lemma fact_mult_fact_cong:
  assumes "m < p" shows "[fact (p - 1 - m) * fact m = (- 1) ^ Suc m] (mod int p)"
  using assms
proof (induction m)
  case 0
  then show ?case
    using wilson_theorem[OF prime] by simp
next
  case (Suc m)
  define F where "F = (fact (p - 1 - m) * fact m :: int)"
  define X where "X = (fact (p - 1 - Suc m) * fact (Suc m) :: int)"
  let ?s = "int (Suc m)"
  have "p - 1 - m = Suc (p - 1 - Suc m)"
    using Suc.prems by simp
  then have "F * ?s = (int p - ?s) * X"
    unfolding F_def X_def using Suc.prems by (simp add: of_nat_diff algebra_simps)
  then have "?s * X - ?s * (- 1) ^ Suc (Suc m) = int p * X - (F - (- 1) ^ Suc m) * ?s"
    by (simp add: algebra_simps)
  moreover have "int p dvd (F - (- 1) ^ Suc m) * ?s"
    using Suc unfolding F_def by (simp add: cong_iff_dvd_diff)
  ultimately have "[?s * X = ?s * (- 1) ^ Suc (Suc m)] (mod int p)"
    unfolding cong_iff_dvd_diff by (metis dvd_diff dvd_triv_left)
  moreover have "coprime p (Suc m)"
    using Suc.prems prime by (metis prime_imp_coprime dvd_imp_le zero_less_Suc not_le)
  then have "coprime ?s (int p)"
    by (metis coprime_commute coprime_int_iff)
  ultimately show ?case
    unfolding X_def by (simp add: cong_mult_lcancel)
qed

lemma fact_mult_fact_rat_cong:
  assumes "m < p" shows "rat_cong (fact (p - 1 - m) * fact m) ((- 1) ^ Suc m) p"
  using rat_cong_of_int[OF fact_mult_fact_cong[OF assms]] by simp

lemma fact_rat_cong:
  assumes "m < p" shows "rat_cong (fact (p - 1 - m)) ((- 1) ^ Suc m / fact m) p"
  using rat_cong_mult_left[OF p_integral_inverse_fact fact_mult_fact_rat_cong, OF assms assms]
  by simp

lemma inverse_fact_rat_cong:
  assumes "m < p" shows "rat_cong (1 / fact (p - 1 - m)) ((- 1) ^ Suc m * fact m) p"
proof -
  have "p_integral p ((- 1) ^ Suc m * (1 / fact (p - 1 - m)))"
    using assms prime_gt_0_nat[OF prime]
    by (intro p_integral_mult p_integral_power p_integral_uminus p_integral_1
        p_integral_inverse_fact) auto
  from rat_cong_mult_left[OF this fact_mult_fact_rat_cong[OF assms]]
  show ?thesis
    by (auto intro: rat_cong_sym simp flip: power_add)
qed

lemma harmonic_rat_cong_0:
  assumes "p > 2" shows "rat_cong (\<Sum>n=1..p-1. 1 / of_nat n) 0 p"
proof -
  define H where "H = (\<Sum>n=1..p-1. 1 / (of_nat n :: rat))"
  have "H = (\<Sum>n=1..p-1. 1 / of_nat (p - n))"
    unfolding H_def using assms by (subst sum.atLeastAtMost_rev) simp
  then have "2 * H = (\<Sum>n=1..p-1. 1 / of_nat n + 1 / of_nat (p - n))"
    unfolding sum.distrib H_def by (metis mult_2)
  also have "\<dots> = of_nat p * (\<Sum>n=1..p-1. 1 / of_nat (n * (p - n)))"
    unfolding sum_distrib_left by (rule sum.cong) (auto simp: of_nat_diff field_simps)
  finally have "2 * H = of_nat p * (\<Sum>n=1..p-1. 1 / of_nat (n * (p - n)))" .
  moreover have "p_integral p (\<Sum>n=1..p-1. 1 / of_nat (n * (p - n)))"
    using prime by (intro p_integral_sum p_integral_inverse_of_nat)
      (auto simp: prime_dvd_mult_iff dest: dvd_imp_le)
  ultimately have "rat_cong (2 * H) (2 * 0) p"
    unfolding rat_cong_iff by (metis diff_zero mult_zero_right)
  moreover have "p_integral p (1 / 2)"
    using p_integral_inverse_of_nat[of 2] assms by (simp add: nat_dvd_not_less)
  ultimately show ?thesis
    unfolding H_def by (auto intro: rat_cong_cancel_left)
qed

lemma summand_ratio_reflect_cong:
  assumes "1 \<le> k" "k \<le> n" "n + k \<le> p"
  shows "rat_cong (summand_ratio k (p - n)) (- dual_ratio k n) p"
proof -
  have "p - n + k - 1 = p - 1 - (n - k)" "p - n - k = p - 1 - (n + k - 1)" "p - n = p - 1 - (n - 1)"
    using assms by auto
  then have "summand_ratio k (p - n)
      = fact (p - 1 - (n - k)) * fact (p - 1 - (n + k - 1)) * (1 / fact (p - 1 - (n - 1))) ^ 2"
    unfolding summand_ratio_def by (simp add: power_divide)
  also have "rat_cong \<dots> ((- 1) ^ Suc (n - k) / fact (n - k)
      * ((- 1) ^ Suc (n + k - 1) / fact (n + k - 1)) * ((- 1) ^ Suc (n - 1) * fact (n - 1)) ^ 2) p"
    using assms prime
    by (intro rat_cong_mult rat_cong_power fact_rat_cong inverse_fact_rat_cong p_integral_mult
        p_integral_power p_integral_inverse_fact p_integral_fact) auto
  also have "(- 1) ^ Suc (n - k) / fact (n - k) * ((- 1) ^ Suc (n + k - 1) / fact (n + k - 1))
      * ((- 1) ^ Suc (n - 1) * fact (n - 1)) ^ 2 = - dual_ratio k n"
  proof -
    have "Suc (n - k) + Suc (n + k - 1) = Suc (2 * n)"
      using assms by simp
    then have "(- 1 :: rat) ^ Suc (n - k) * (- 1) ^ Suc (n + k - 1) = - 1"
      by (simp flip: power_add)
    moreover have "((- 1 :: rat) ^ Suc (n - 1)) ^ 2 = 1"
      by (simp add: power2_eq_square)
    ultimately show ?thesis
      unfolding dual_ratio_def by (simp add: power_mult_distrib field_simps)
  qed
  finally show ?thesis .
qed

lemma telescope_correction_cong:
  assumes "1 \<le> k" "2 * k < p"
  shows "rat_cong (2 / of_nat k * telescope_ratio k (p - Suc k) + dual_ratio k (p - k))
    (3 / 2 * (of_nat ((2 * k) choose k) / of_nat k)) p"
proof -
  define c where "c = (2 * (of_nat p - 2 * of_nat k) + of_nat k) / (of_nat k :: rat)"
  have "c - (- 3) = of_nat p * (2 / of_nat k)"
    using assms unfolding c_def by (simp add: field_simps)
  moreover have "p_integral p (1 / of_nat k)"
    using assms by (intro p_integral_inverse_of_nat) (auto dest: dvd_imp_le)
  then have "p_integral p (2 / of_nat k)"
    using p_integral_mult[OF p_integral_of_nat[of 2]] by fastforce
  ultimately have c: "rat_cong c (- 3) p"
    unfolding rat_cong_iff by blast
  have "rat_cong
      (c * fact (p - 1 - k) ^ 2 * (1 / fact (p - 1 - (2 * k - 1))) * (1 / fact (p - 1 - 0)))
      ((- 3) * ((- 1) ^ Suc k / fact k) ^ 2
        * ((- 1) ^ Suc (2 * k - 1) * fact (2 * k - 1)) * ((- 1) ^ Suc 0 * fact 0)) p"
    using assms rat_cong_p_integral[OF rat_cong_sym[OF c]] p_integral_of_int[of "- 3"]
    by (intro rat_cong_mult rat_cong_power fact_rat_cong inverse_fact_rat_cong c p_integral_mult
        p_integral_power p_integral_inverse_fact p_integral_fact) auto
  moreover have "(- 3) * ((- 1) ^ Suc k / fact k) ^ 2 * ((- 1) ^ Suc (2 * k - 1) * fact (2 * k - 1))
      * ((- 1) ^ Suc 0 * fact 0) = 3 / 2 * (of_nat ((2 * k) choose k) / of_nat k :: rat)"
    using assms central_binomial_div_eq[OF assms(1), where 'a=rat]
    by (simp add: power_divide power2_eq_square)
  ultimately show ?thesis
    using telescope_correction_eq[OF assms] unfolding c_def by simp
qed
(* For all $n,r\in\mathbb{N}$, the statistics $\operatorname{veh}$ and $\operatorname{des}$ have the same distribution over $\mathfrak{S}_n^r$, i.e. $\sum_{\pi\in\mathfrak{S}_n^r}t^{\operatorname{veh}(\pi)}=\sum_{\pi\in\mathfrak{S}_n^r}t^{\operatorname{des}(\pi)}$.
   Context: The stack-sorting operator $S$ on words with distinct positive integer letters: $S$ of the empty word is empty; if $w=LmR$ with $m$ the greatest letter, $S(w)=S(L)S(R)m$. $\mathfrak{S}_n^r=\{\pi\in\mathfrak{S}_n:S^r(\pi)=12\cdots n\}$. For $\pi=a_1\cdots a_n$, $\operatorname{des}(\pi)=|\{i\in[n-1]:a_i>a_{i+1}\}|$. The unordered decreasing tree $T(w;\infty)$ ($\infty$ larger than all letters): a single vertex $\infty$ if $w$ is empty; otherwise $w=m_1w_1\cdots m_kw_k$ with $m_i$ the left-to-right maxima, and $T(w;\infty)$ has root $\infty$ with subtrees $T(w_i;m_i)$ (same construction with root labeled $m_i$). $\operatorname{veh}(\pi)$ is the number of non-root vertices of even height (root at height $0$) in $T(\pi;\infty)$. *)

theory Defs
  imports "HOL-Combinatorics.Multiset_Permutations" "HOL-Computational_Algebra.Polynomial"
begin

text \<open>Words are lists of natural numbers (distinct positive letters).
Stack-sorting: S [] = []; if w = L m R with m the greatest letter, S w = S L S R m.\<close>

function stack_sort :: "nat list \<Rightarrow> nat list" where
  "stack_sort w =
     (if w = [] then []
      else (let m = Max (set w);
                L = takeWhile (\<lambda>x. x \<noteq> m) w;
                R = tl (dropWhile (\<lambda>x. x \<noteq> m) w)
            in stack_sort L @ stack_sort R @ [m]))"
  by pat_completeness auto
termination
proof (relation "measure length")
  fix w :: "nat list" and m L
  assume "w \<noteq> []" "m = Max (set w)" "L = takeWhile (\<lambda>x. x \<noteq> m) w"
  then have "m \<in> set w" by simp
  then have "length (takeWhile (\<lambda>x. x \<noteq> m) w) < length w"
    by (induction w) auto
  then show "(L, w) \<in> measure length"
    using \<open>L = _\<close> by simp
next
  fix w :: "nat list" and m R
  assume "w \<noteq> []" "m = Max (set w)" "R = tl (dropWhile (\<lambda>x. x \<noteq> m) w)"
  then show "(R, w) \<in> measure length"
    using length_dropWhile_le[of "\<lambda>x. x \<noteq> Max (set w)" w] by (cases w) auto
qed simp

definition sortable_perms :: "nat \<Rightarrow> nat \<Rightarrow> nat list set" where
  "sortable_perms n r =
     {\<pi> \<in> permutations_of_set {1..n}. (stack_sort ^^ r) \<pi> = [1..<n+1]}"

definition des :: "nat list \<Rightarrow> nat" where
  "des \<pi> = card {i. 1 \<le> i \<and> i < length \<pi> \<and> \<pi> ! (i - 1) > \<pi> ! i}"

text \<open>evh w b counts the vertices of the forest formed by the subtrees of
T(w; root) (i.e. all non-root vertices) that lie at even height, where b says
whether the children of the root lie at even height.  Writing
w = m_1 w_1 ... m_k w_k with m_i the left-to-right maxima, the first block is
m_1 w_1 with w_1 = takeWhile (< m_1) of the rest, and the remaining blocks form
the rest of the word (their left-to-right maxima are the m_2,...,m_k).\<close>
function evh :: "nat list \<Rightarrow> bool \<Rightarrow> nat" where
  "evh [] b = 0"
| "evh (m # rest) b =
     (if b then 1 else 0)
     + evh (takeWhile (\<lambda>x. x < m) rest) (\<not> b)
     + evh (dropWhile (\<lambda>x. x < m) rest) b"
  by pat_completeness auto
termination
  by (relation "measure (\<lambda>(w, b). length w)")
     (auto simp: le_less_trans[OF length_takeWhile_le] le_less_trans[OF length_dropWhile_le])

text \<open>Root of T(\<pi>;\<infinity>) has height 0, so its children have odd height 1.\<close>
definition veh :: "nat list \<Rightarrow> nat" where
  "veh \<pi> = evh \<pi> False"

end

(*
  The (r+1)-sortable permutations are the S-preimages of the r-sortable ones, so it suffices
  to show that veh and des are equidistributed on every fiber of S.  A distinct word with
  S-image sigma' m is exactly L m R with m its largest letter, S L a prefix of sigma' and S R
  the complementary suffix.  In T(L m R) the subtrees of T(L) keep their heights, m becomes one
  more child of the root and T(R) hangs below m, one level deeper; meanwhile
  des (L m R) = des L + des R + [R nonempty].  Hence the generating polynomials of a fiber
  satisfy product recursions over the length k of L, and induction on the length of sigma shows
  that the veh polynomial equals the des polynomial, while the polynomial with the parity of
  heights flipped is t times it (for nonempty sigma).  The factor 1 sits at k = 0 in the one recursion and at
  k = |sigma'| in the other; this is harmless because the two extreme terms coincide.
*)

theory Submission
  imports Defs
begin

lemma des_Nil [simp]: "des [] = 0"
  by (simp add: des_def)

lemma des_singleton [simp]: "des [a] = 0"
  by (simp add: des_def)

lemma des_Cons_Cons: "des (a # b # w) = (if b < a then 1 else 0) + des (b # w)"
proof -
  let ?D = "\<lambda>xs. {i. 1 \<le> i \<and> i < length xs \<and> xs ! (i - 1) > xs ! i}"
  have D: "?D (a # b # w) = {i. i = 1 \<and> b < a} \<union> Suc ` ?D (b # w)"
    by (auto simp: image_iff nth_Cons' gr0_conv_Suc)
       (metis Suc_pred le_simps(3) not_gr0 not_less_eq_eq)
  have "finite (?D (b # w))"
    by (rule finite_subset[of _ "{..<length (b # w)}"]) auto
  then have "card (?D (a # b # w)) = card {i::nat. i = 1 \<and> b < a} + card (?D (b # w))"
    unfolding D by (subst card_Un_disjoint) (auto simp: card_image)
  moreover have "card {i::nat. i = 1 \<and> b < a} = (if b < a then 1 else 0)"
    by simp
  ultimately show ?thesis
    by (simp only: des_def)
qed

lemma des_sorted: "sorted_wrt (<) xs \<Longrightarrow> des xs = 0"
  by (induction xs rule: induct_list012) (auto simp: des_Cons_Cons)

lemma des_append_max:
  assumes "\<forall>x\<in>set L. x < m" "\<forall>x\<in>set R. x < m"
  shows "des (L @ m # R) = des L + des R + (if R = [] then 0 else 1)"
proof -
  have "des (m # R) = (if R = [] then 0 else 1) + des R"
    using assms(2) by (cases R) (auto simp: des_Cons_Cons)
  with assms(1) show ?thesis
    by (induction L rule: induct_list012) (auto simp: des_Cons_Cons)
qed

lemma evh_append_max:
  assumes "\<forall>x\<in>set L. x < m" "\<forall>x\<in>set R. x < m"
  shows "evh (L @ m # R) b = (if b then 1 else 0) + evh L b + evh R (\<not> b)"
  using assms(1)
proof (induction "length L" arbitrary: L rule: less_induct)
  case less
  show ?case
  proof (cases L)
    case Nil
    have "takeWhile (\<lambda>x. x < m) R = R" "dropWhile (\<lambda>x. x < m) R = []"
      using assms(2) by simp_all
    with Nil show ?thesis
      by (simp del: takeWhile_eq_all_conv dropWhile_eq_Nil_conv)
  next
    case (Cons a L')
    let ?L'' = "dropWhile (\<lambda>x. x < a) L'"
    have "a < m"
      using less.prems Cons by simp
    then have "takeWhile (\<lambda>x. x < a) (L' @ m # R) = takeWhile (\<lambda>x. x < a) L'"
      and "dropWhile (\<lambda>x. x < a) (L' @ m # R) = ?L'' @ m # R"
      by (induction L') auto
    moreover have "evh (?L'' @ m # R) b = (if b then 1 else 0) + evh ?L'' b + evh R (\<not> b)"
      using Cons less.prems
      by (intro less.hyps) (auto simp: le_less_trans[OF length_dropWhile_le] dest: set_dropWhileD)
    ultimately show ?thesis
      using Cons by simp
  qed
qed

lemma evh_sorted: "sorted_wrt (<) xs \<Longrightarrow> evh xs False = 0"
proof (induction xs)
  case (Cons a xs)
  then have "takeWhile (\<lambda>x. x < a) xs = []" "dropWhile (\<lambda>x. x < a) xs = xs"
    by (cases xs; simp)+
  with Cons show ?case
    by simp
qed simp

declare stack_sort.simps [simp del]

lemma stack_sort_Nil [simp]: "stack_sort [] = []"
  by (simp add: stack_sort.simps)

lemma stack_sort_append_max:
  assumes "\<forall>x\<in>set L. x < m" "\<forall>x\<in>set R. x < m"
  shows "stack_sort (L @ m # R) = stack_sort L @ stack_sort R @ [m]"
proof -
  have "Max (set (L @ m # R)) = m"
    using assms by (intro Max_eqI) auto
  moreover have "takeWhile (\<lambda>x. x \<noteq> m) (L @ m # R) = L"
    and "dropWhile (\<lambda>x. x \<noteq> m) (L @ m # R) = m # R"
    using assms(1) by (induction L) auto
  ultimately show ?thesis
    by (simp add: stack_sort.simps[of "L @ m # R"] Let_def)
qed

lemma mset_stack_sort [simp]: "mset (stack_sort w) = mset w"
proof (induction w rule: stack_sort.induct)
  case (1 w)
  show ?case
  proof (cases "w = []")
    case False
    define m where "m = Max (set w)"
    define L where "L = takeWhile (\<lambda>x. x \<noteq> m) w"
    define R where "R = tl (dropWhile (\<lambda>x. x \<noteq> m) w)"
    have "m \<in> set w"
      using False by (simp add: m_def)
    then have w: "w = L @ m # R"
      unfolding L_def R_def by (induction w) auto
    have "stack_sort w = stack_sort L @ stack_sort R @ [m]"
      using False by (simp add: stack_sort.simps[of w] Let_def m_def L_def R_def)
    then have "mset (stack_sort w) = mset (stack_sort L) + mset (stack_sort R) + {#m#}"
      by simp
    also have "\<dots> = mset L + mset R + {#m#}"
      using "1.IH" False by (simp add: m_def L_def R_def)
    also have "\<dots> = mset w"
      using w by simp
    finally show ?thesis .
  qed simp
qed

lemma length_stack_sort [simp]: "length (stack_sort w) = length w"
  by (metis mset_stack_sort size_mset)

lemma set_stack_sort [simp]: "set (stack_sort w) = set w"
  by (metis mset_stack_sort set_mset_mset)

lemma distinct_stack_sort [simp]: "distinct (stack_sort w) \<longleftrightarrow> distinct w"
  by (metis mset_stack_sort mset_eq_imp_distinct_iff)

lemma distinct_split_max:
  fixes \<pi> :: "'a::linorder list"
  assumes "distinct \<pi>" "\<pi> \<noteq> []"
  obtains L m R where "\<pi> = L @ m # R" "\<forall>x\<in>set L. x < m" "\<forall>x\<in>set R. x < m"
proof -
  define m where "m = Max (set \<pi>)"
  have "m \<in> set \<pi>"
    using assms(2) by (simp add: m_def)
  then obtain L R where \<pi>: "\<pi> = L @ m # R"
    by (meson split_list)
  have "x < m" if "x \<in> set L \<union> set R" for x
  proof -
    have "x \<in> set \<pi>"
      using that \<pi> by auto
    then have "x \<le> m"
      by (simp add: m_def)
    moreover have "x \<noteq> m"
      using that assms(1) \<pi> by auto
    ultimately show ?thesis
      by simp
  qed
  with \<pi> show thesis
    using that by blast
qed

definition stack_sort_fiber :: "nat list \<Rightarrow> nat list set" where
  "stack_sort_fiber \<sigma> = {\<pi>. distinct \<pi> \<and> stack_sort \<pi> = \<sigma>}"

lemma finite_stack_sort_fiber: "finite (stack_sort_fiber \<sigma>)"
proof (rule finite_subset)
  show "stack_sort_fiber \<sigma> \<subseteq> {xs. set xs \<subseteq> set \<sigma> \<and> length xs = length \<sigma>}"
    unfolding stack_sort_fiber_def by auto
  show "finite {xs. set xs \<subseteq> set \<sigma> \<and> length xs = length \<sigma>}"
    by (rule finite_lists_length_eq) simp
qed

lemma stack_sort_fiber_Nil: "stack_sort_fiber [] = {[]}"
  unfolding stack_sort_fiber_def by (auto dest: arg_cong[of _ _ length])

lemma mem_stack_sort_fiberD:
  assumes "\<pi> \<in> stack_sort_fiber \<sigma>"
  shows "set \<pi> = set \<sigma>" "length \<pi> = length \<sigma>"
  using assms unfolding stack_sort_fiber_def by auto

> _WORK TO BE COMPLETED_
Go through the data and show every line where "function" occurs.

> _PROBLEM SOLUTION_
function stack_sort :: "nat list \<Rightarrow> nat list" where
function evh :: "nat list \<Rightarrow> bool \<Rightarrow> nat" where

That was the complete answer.